If you are tired of the debate between cats and dogs, here’s a new one for you: Beer yeast versus wine yeast. The latter goes deeper than a simple preference of beverage. In fact, it’s essentially just a one-off from the dog versus cat debate, according to researchers from the Belgian college Vlaams Instituut voor Biotechnologie who state that beer yeast is more domestic and wine yeast is more wild.
“In that sense, beer yeasts are like dogs, completely ‘tamed’ and adapted to their relation with humans, whereas wine yeasts resemble the wilder character of cats,” Brigida Gallone and Jan Steensels, two researchers who recently published a study on industrial yeasts in the journal Cell, said in a press release.
Gallone, Steensels, and a team of researchers from Belgium and the United States found that beer yeasts are more domestic than wine yeasts. Sometime in the 16th century, the researchers state in their study, alcohol-producing yeasts were domesticated. After that, the yeasts forged their own path.
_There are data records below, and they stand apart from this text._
(* Let $d\ge1$ and let $\mathcal{Q}=\{Q_1,\dots,Q_{d+1}\}$ be closed cubes in $\mathbb{R}^d$. For points $x^j=(x^j_1,\dots,x^j_d)\in Q_j$, $1\le j\le d+1$, let $\mathbf{L}(x)=(L_1,\dots,L_{2d})$ where $L_\ell:\mathbb{R}^{d+1}\to\mathbb{R}$, $L_\ell(v)=v_\ell+2x^1_\ell v_{d+1}$ for $1\le\ell\le d$, and $L_{d+\ell}:\mathbb{R}^{d+1}\to\mathbb{R}^d$, $L_{d+\ell}(v)=(v_1+2x^{\ell+1}_1v_{d+1},\dots,v_d+2x^{\ell+1}_dv_{d+1})$ for $1\le\ell\le d$; let $\mathbf{p}=(\frac1d,\dots,\frac1d)\in\mathbb{R}^{2d}$. (i) If $\mathcal{Q}$ is weakly transversal with pivot $Q_1$, then $\mathrm{BL}(\mathbf{L}(x),\mathbf{p})<\infty$ for every choice of points $x^j\in Q_j$. (ii) Conversely, if $\mathrm{BL}(\mathbf{L}(x),\mathbf{p})<\infty$ for every choice of points $x^j\in Q_j$, then each $Q_l$ can be partitioned into finitely many sub-cubes $Q_l=\bigcup_iQ_{l,i}$ such that every collection $\{\widetilde Q_1,\dots,\widetilde Q_{d+1}\}$ with $\widetilde Q_l\in\{Q_{l,i}\}_i$ is weakly transversal with pivot $\widetilde Q_1\subset Q_1$.
   Context: "Cube" means a rectangular box. $\pi_l$ is projection onto the $l$-th coordinate axis. A collection $\{Q_1,\dots,Q_{d+1}\}$ is weakly transversal with pivot $Q_1$ if there is a permutation $(i_1,\dots,i_d)$ of $(1,\dots,d)$ with $\overline{\pi_{i_s}(Q_1)}\cap\overline{\pi_{i_s}(Q_{s+1})}=\emptyset$ for $s=1,\dots,d$. For linear maps $L_j:\mathbb{R}^n\to\mathbb{R}^{n_j}$ and $p_j\ge0$, $\mathrm{BL}(\mathbf{L},\mathbf{p})\in[0,\infty]$ is the smallest constant $C$ such that $\int_{\mathbb{R}^n}\prod_j(f_j\circ L_j)^{p_j}\le C\prod_j(\int_{\mathbb{R}^{n_j}}f_j)^{p_j}$ for all nonnegative $f_j\in L^1(\mathbb{R}^{n_j})$. (The maps are $L_\ell=(d\gamma_\ell(x^1_\ell))^*$ and $L_{d+\ell}=(d\Gamma(x^{\ell+1}))^*$ for $\Gamma(x)=(x,|x|^2)$ and $\gamma_\ell(s)=(s e_\ell,s^2)$.) *)

theory Defs
  imports "HOL-Analysis.Analysis"
begin

definition is_cube :: "(real^'d) set \<Rightarrow> bool" where
  "is_cube Q \<longleftrightarrow> (\<exists>a b. (\<forall>i. a $ i \<le> b $ i) \<and> Q = cbox a b)"

text \<open>Weak transversality with pivot Q0 of the collection {Q0} together with Q l (l in 'd),
  where Q l plays the role of Q_{l+1}.  The coordinate index set of R^d is also 'd.\<close>
definition weakly_transversal :: "(real^'d) set \<Rightarrow> ('d \<Rightarrow> (real^'d) set) \<Rightarrow> bool" where
  "weakly_transversal Q0 Q \<longleftrightarrow>
     (\<exists>\<sigma>::'d \<Rightarrow> 'd. bij \<sigma> \<and>
        (\<forall>s. closure ((\<lambda>x. x $ \<sigma> s) ` Q0) \<inter> closure ((\<lambda>x. x $ \<sigma> s) ` Q s) = {}))"

definition cube_partition :: "(real^'d) set \<Rightarrow> (real^'d) set set \<Rightarrow> bool" where
  "cube_partition Q P \<longleftrightarrow> finite P \<and> (\<forall>R\<in>P. is_cube R \<and> R \<subseteq> Q) \<and> \<Union>P = Q \<and>
     (\<forall>R\<in>P. \<forall>R'\<in>P. R \<noteq> R' \<longrightarrow> interior R \<inter> interior R' = {})"

definition BL :: "('i::finite \<Rightarrow> 'a::euclidean_space \<Rightarrow> 'b::euclidean_space) \<Rightarrow> ('i \<Rightarrow> real)
    \<Rightarrow> ('k::finite \<Rightarrow> 'a \<Rightarrow> 'c::euclidean_space) \<Rightarrow> ('k \<Rightarrow> real) \<Rightarrow> ennreal" where
  "BL L p M q = Inf {C. \<forall>(f::'i \<Rightarrow> 'b \<Rightarrow> real) (g::'k \<Rightarrow> 'c \<Rightarrow> real).
      (\<forall>i. f i \<in> borel_measurable lborel \<and> (\<forall>y. 0 \<le> f i y) \<and> integrable lborel (f i)) \<and>
      (\<forall>k. g k \<in> borel_measurable lborel \<and> (\<forall>y. 0 \<le> g k y) \<and> integrable lborel (g k)) \<longrightarrow>
      (\<integral>\<^sup>+ x. ennreal ((\<Prod>i\<in>UNIV. f i (L i x) powr p i) * (\<Prod>k\<in>UNIV. g k (M k x) powr q k)) \<partial>lborel)
        \<le> C * ennreal ((\<Prod>i\<in>UNIV. (\<integral>y. f i y \<partial>lborel) powr p i) *
                        (\<Prod>k\<in>UNIV. (\<integral>y. g k y \<partial>lborel) powr q k))}"

text \<open>R^{d+1} is modelled as real^'d \<times> real, v = (v_1..v_d, v_{d+1}).\<close>
definition Lmap :: "real^'d \<Rightarrow> 'd \<Rightarrow> ((real^'d) \<times> real) \<Rightarrow> real" where
  "Lmap x1 l v = fst v $ l + 2 * x1 $ l * snd v"

definition Mmap :: "('d \<Rightarrow> real^'d) \<Rightarrow> 'd \<Rightarrow> ((real^'d) \<times> real) \<Rightarrow> real^'d" where
  "Mmap x l v = (\<chi> k. fst v $ k + 2 * x l $ k * snd v)"

end

theory Submission
  imports Defs
begin

(*
  Under weak transversality, every choice of points admits a bijection \<sigma> with
  x1 $ \<sigma> s \<noteq> x s $ \<sigma> s.  Pairing the factor L_{\<sigma> s} with M_s, the shear
  (y, t) \<mapsto> (y_k + 2 t x1_k, y + 2 t x s) with k = \<sigma> s integrates f \<otimes> g to
  \<integral>f \<integral>g / |2 (x1_k - (x s)_k)|, and the arithmetic-geometric mean inequality
  turns these d pairings into a finite Brascamp-Lieb bound.

  Conversely, if no such bijection exists, Hall's marriage theorem gives a set S of
  indices and a set K of coordinates with |K| < |S| such that x s agrees with x1
  outside K for every s in S.  Testing the inequality with boxes of width \<delta> in the
  coordinates outside K (and, for s \<notin> S, with their averages along x s - x1) gives
  \<delta>^(q + m d) \<le> C \<delta>^(m + m d) with q = d - |S| < m = d - |K|, which fails as \<delta> \<rightarrow> 0.
  So finiteness of BL forces the bijection pointwise; the condition is open and the
  configurations form a compact set, so a Lebesgue number makes it uniform, and any
  fine enough partition into sub-cubes has weakly transversal cells.
*)

section \<open>Brascamp-Lieb bounds\<close>

definition BL_input :: "('b::euclidean_space \<Rightarrow> real) \<Rightarrow> bool" where
  "BL_input f \<longleftrightarrow> f \<in> borel_measurable lborel \<and> (\<forall>y. 0 \<le> f y) \<and> integrable lborel f"

definition BL_bound :: "('i::finite \<Rightarrow> 'a::euclidean_space \<Rightarrow> 'b::euclidean_space) \<Rightarrow> ('i \<Rightarrow> real)
    \<Rightarrow> ('k::finite \<Rightarrow> 'a \<Rightarrow> 'c::euclidean_space) \<Rightarrow> ('k \<Rightarrow> real) \<Rightarrow> ennreal \<Rightarrow> bool" where
  "BL_bound L p M q C \<longleftrightarrow> (\<forall>f g. (\<forall>i. BL_input (f i)) \<and> (\<forall>k. BL_input (g k)) \<longrightarrow>
      (\<integral>\<^sup>+ x. ennreal ((\<Prod>i\<in>UNIV. f i (L i x) powr p i) * (\<Prod>k\<in>UNIV. g k (M k x) powr q k)) \<partial>lborel)
        \<le> C * ennreal ((\<Prod>i\<in>UNIV. (\<integral>y. f i y \<partial>lborel) powr p i) *
                        (\<Prod>k\<in>UNIV. (\<integral>y. g k y \<partial>lborel) powr q k)))"

lemma BL_eq_Inf_bounds: "BL L p M q = Inf {C. BL_bound L p M q C}"
  unfolding BL_def BL_bound_def BL_input_def ..

lemma BL_le_bound: "BL_bound L p M q C \<Longrightarrow> BL L p M q \<le> C"
  unfolding BL_eq_Inf_bounds by (rule Inf_lower) simp

lemma BL_finite_imp_bound:
  assumes "BL L p M q < \<infinity>"
  obtains c where "0 \<le> c" and "BL_bound L p M q (ennreal c)"
proof -
  from assms obtain C where "BL_bound L p M q C" and "C < top"
    unfolding BL_eq_Inf_bounds infinity_ennreal_def Inf_less_iff by blast
  then show ?thesis
    using that by (cases C) auto
qed

lemma BL_inputD:
  assumes "BL_input f"
  shows "f \<in> borel_measurable borel" and "0 \<le> f y" and "0 \<le> (\<integral>y. f y \<partial>lborel)"
    and "(\<integral>\<^sup>+y. f y \<partial>lborel) = ennreal (\<integral>y. f y \<partial>lborel)"
  using assms by (auto simp: BL_input_def nn_integral_eq_integral)

lemma Mmap_eq: "Mmap x l v = fst v + snd v *\<^sub>R (2 *\<^sub>R x l)"
  unfolding Mmap_def by (vector algebra_simps)

section \<open>Finiteness when the points differ along a bijection\<close>

lemma nn_integral_lborel_translate:
  fixes f :: "'a::euclidean_space \<Rightarrow> ennreal"
  assumes [measurable]: "f \<in> borel_measurable borel"
  shows "(\<integral>\<^sup>+x. f (x + c) \<partial>lborel) = (\<integral>\<^sup>+x. f x \<partial>lborel)"
proof -
  have "(\<integral>\<^sup>+x. f x \<partial>lborel) = (\<integral>\<^sup>+x. f x \<partial>distr lborel borel ((+) c))"
    by (simp add: lborel_distr_plus)
  also have "\<dots> = (\<integral>\<^sup>+x. f (c + x) \<partial>lborel)"
    by (subst nn_integral_distr) auto
  finally show ?thesis
    by (simp add: add.commute)
qed

lemma measurable_shear [measurable]:
  "(\<lambda>v::(real^'d) \<times> real. fst v $ k + \<alpha> * snd v) \<in> borel_measurable (lborel \<Otimes>\<^sub>M lborel)"
  "(\<lambda>v::(real^'d) \<times> real. fst v + snd v *\<^sub>R b) \<in> lborel \<Otimes>\<^sub>M lborel \<rightarrow>\<^sub>M borel"
  by (simp_all add: lborel_prod borel_measurable_continuous_onI continuous_intros)

lemma nn_integral_shear_product:
  fixes f :: "real \<Rightarrow> real" and g :: "real^'d \<Rightarrow> real" and b :: "real^'d"
  assumes [measurable]: "f \<in> borel_measurable borel" "g \<in> borel_measurable borel"
    and f_nonneg: "\<And>y. 0 \<le> f y" and g_nonneg: "\<And>y. 0 \<le> g y" and ne: "\<alpha> \<noteq> b $ k"
  shows "(\<integral>\<^sup>+v. ennreal (f (fst v $ k + \<alpha> * snd v) * g (fst v + snd v *\<^sub>R b)) \<partial>lborel)
    = ennreal (1 / \<bar>\<alpha> - b $ k\<bar>) * (\<integral>\<^sup>+y. f y \<partial>lborel) * (\<integral>\<^sup>+y. g y \<partial>lborel)"
proof -
  define c where "c = \<alpha> - b $ k"
  have "c \<noteq> 0"
    using ne by (simp add: c_def)
  have inner: "(\<integral>\<^sup>+t. ennreal (f (u $ k + c * t)) \<partial>lborel) = ennreal (1 / \<bar>c\<bar>) * (\<integral>\<^sup>+y. f y \<partial>lborel)"
    for u :: "real^'d"
    using nn_integral_real_affine[of "\<lambda>y. ennreal (f y)" c "u $ k"] \<open>c \<noteq> 0\<close>
    by (simp add: ennreal_mult[symmetric] mult.assoc[symmetric] del: ennreal_mult')
  have "(\<integral>\<^sup>+v. ennreal (f (fst v $ k + \<alpha> * snd v) * g (fst v + snd v *\<^sub>R b)) \<partial>lborel)
      = (\<integral>\<^sup>+t. \<integral>\<^sup>+y. ennreal (f (y $ k + \<alpha> * t) * g (y + t *\<^sub>R b)) \<partial>lborel \<partial>lborel)"
    by (subst lborel_prod[symmetric], subst lborel_pair.nn_integral_snd[symmetric]) auto
  also have "\<dots> = (\<integral>\<^sup>+t. \<integral>\<^sup>+u. ennreal (f (u $ k + c * t) * g u) \<partial>lborel \<partial>lborel)"
  proof (rule nn_integral_cong)
    fix t :: real
    show "(\<integral>\<^sup>+y. ennreal (f (y $ k + \<alpha> * t) * g (y + t *\<^sub>R b)) \<partial>lborel)
        = (\<integral>\<^sup>+u. ennreal (f (u $ k + c * t) * g u) \<partial>lborel)"
      using nn_integral_lborel_translate[of "\<lambda>u. ennreal (f (u $ k + c * t) * g u)" "t *\<^sub>R b"]
      by (simp add: c_def algebra_simps)
  qed
  also have "\<dots> = (\<integral>\<^sup>+u. ennreal (g u) * \<integral>\<^sup>+t. ennreal (f (u $ k + c * t)) \<partial>lborel \<partial>lborel)"
    by (subst lborel_pair.Fubini', simp, rule nn_integral_cong)
       (simp add: ennreal_mult f_nonneg g_nonneg nn_integral_cmult mult.commute del: ennreal_mult')
  also have "\<dots> = ennreal (1 / \<bar>c\<bar>) * (\<integral>\<^sup>+y. f y \<partial>lborel) * (\<integral>\<^sup>+u. g u \<partial>lborel)"
    unfolding inner by (subst nn_integral_multc) (auto simp: mult_ac)
  finally show ?thesis
    by (simp add: c_def)
qed

lemma nn_integral_prod_powr_le:
  fixes h :: "'i::finite \<Rightarrow> 'a \<Rightarrow> real" and A :: "'i \<Rightarrow> real"
  assumes meas: "\<And>i. h i \<in> borel_measurable M" and h_nonneg: "\<And>i x. 0 \<le> h i x"
    and A_nonneg: "\<And>i. 0 \<le> A i" and bound: "\<And>i. (\<integral>\<^sup>+x. h i x \<partial>M) \<le> ennreal (A i)"
  shows "(\<integral>\<^sup>+x. ennreal (\<Prod>i\<in>UNIV. h i x powr (1 / CARD('i))) \<partial>M)
    \<le> ennreal (\<Prod>i\<in>UNIV. A i powr (1 / CARD('i)))"
proof (cases "\<exists>i. A i = 0")
  case True
  then obtain i0 where "A i0 = 0" by blast
  with bound[of i0] have "AE x in M. h i0 x = 0"
    using meas h_nonneg by (simp add: nn_integral_0_iff_AE)
  then have "AE x in M. ennreal (\<Prod>i\<in>UNIV. h i x powr (1 / CARD('i))) = 0"
    by eventually_elim (subst prod_zero, auto intro: bexI[of _ i0])
  then show ?thesis
    by (simp add: nn_integral_0_iff_AE[symmetric] nn_integral_cong_AE)
next
  case False
  with A_nonneg have A_pos: "0 < A i" for i
    by (metis less_eq_real_def)
  define n where "n = real CARD('i)"
  define P where "P = (\<Prod>i\<in>UNIV. A i powr (1 / CARD('i)))"
  have "P \<ge> 0"
    by (simp add: P_def prod_nonneg)
  have AM_GM: "(\<Prod>i\<in>UNIV. h i x powr (1 / CARD('i))) \<le> P * (\<Sum>i\<in>UNIV. h i x / (n * A i))" for x
  proof -
    have "(\<Prod>i\<in>UNIV. h i x powr (1 / CARD('i))) = P * (\<Prod>i\<in>UNIV. h i x / A i) powr (1 / CARD('i))"
      using A_pos h_nonneg
      by (simp add: P_def prod_powr_distrib powr_mult[symmetric] prod.distrib[symmetric]
          less_imp_le less_imp_neq[symmetric])
    also have "\<dots> \<le> P * (\<Sum>i\<in>UNIV. h i x / A i / n)"
      using arith_geom_mean[of UNIV "\<lambda>i. h i x / A i"] A_pos h_nonneg \<open>P \<ge> 0\<close>
      by (intro mult_left_mono) (auto simp: n_def less_imp_le)
    finally show ?thesis
      by (simp add: field_simps)
  qed
  have "(\<integral>\<^sup>+x. ennreal (\<Prod>i\<in>UNIV. h i x powr (1 / CARD('i))) \<partial>M)
      \<le> (\<integral>\<^sup>+x. ennreal P * (\<Sum>i\<in>UNIV. ennreal (1 / (n * A i)) * h i x) \<partial>M)"
    using AM_GM A_pos h_nonneg \<open>P \<ge> 0\<close>
    by (intro nn_integral_mono)
       (simp add: ennreal_mult[symmetric] sum_ennreal sum_nonneg ennreal_leI n_def less_imp_le)
  also have "\<dots> = ennreal P * (\<Sum>i\<in>UNIV. ennreal (1 / (n * A i)) * (\<integral>\<^sup>+x. h i x \<partial>M))"
    using meas by (simp add: nn_integral_cmult nn_integral_sum)
  also have "\<dots> \<le> ennreal P * (\<Sum>i\<in>UNIV. ennreal (1 / (n * A i)) * ennreal (A i))"
    by (intro mult_left_mono sum_mono bound) auto
  also have "\<dots> = ennreal P"
    using A_pos
    by (simp add: ennreal_mult[symmetric] n_def ennreal_of_nat_eq_real_of_nat less_imp_le less_imp_neq[symmetric])
  finally show ?thesis
    by (simp add: P_def)
qed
“Interestingly, although wine yeasts share their origins with beer yeasts, they show fewer signs of domestication,” Gallone and Steensels state in the press release. “This is probably because wine yeasts are only used to ferment grape juice once a year, and survive in and around the winery for the rest of the year, where they may interbreed with feral yeasts.”
The researchers analyzed more than 150 industrial beer, wine and bread yeasts in their study. They found a lineage that traces back to original yeast domestication for many of the yeasts used today. Those yeast strains persisted because of what is known as “backslopping,” which is when a part of the brew is put into the new batch for consistent fermented tastes.
The industrial strains of yeast created from backslopping, the researchers state, were more curated in beer making (although some beer makers prefer wild fermentation just like some dog owners prefer wolves). Wine yeasts and cats, on the other hand, tend to be more frisky and independent.
So what are you? A beer yeast person, or a wine yeast person?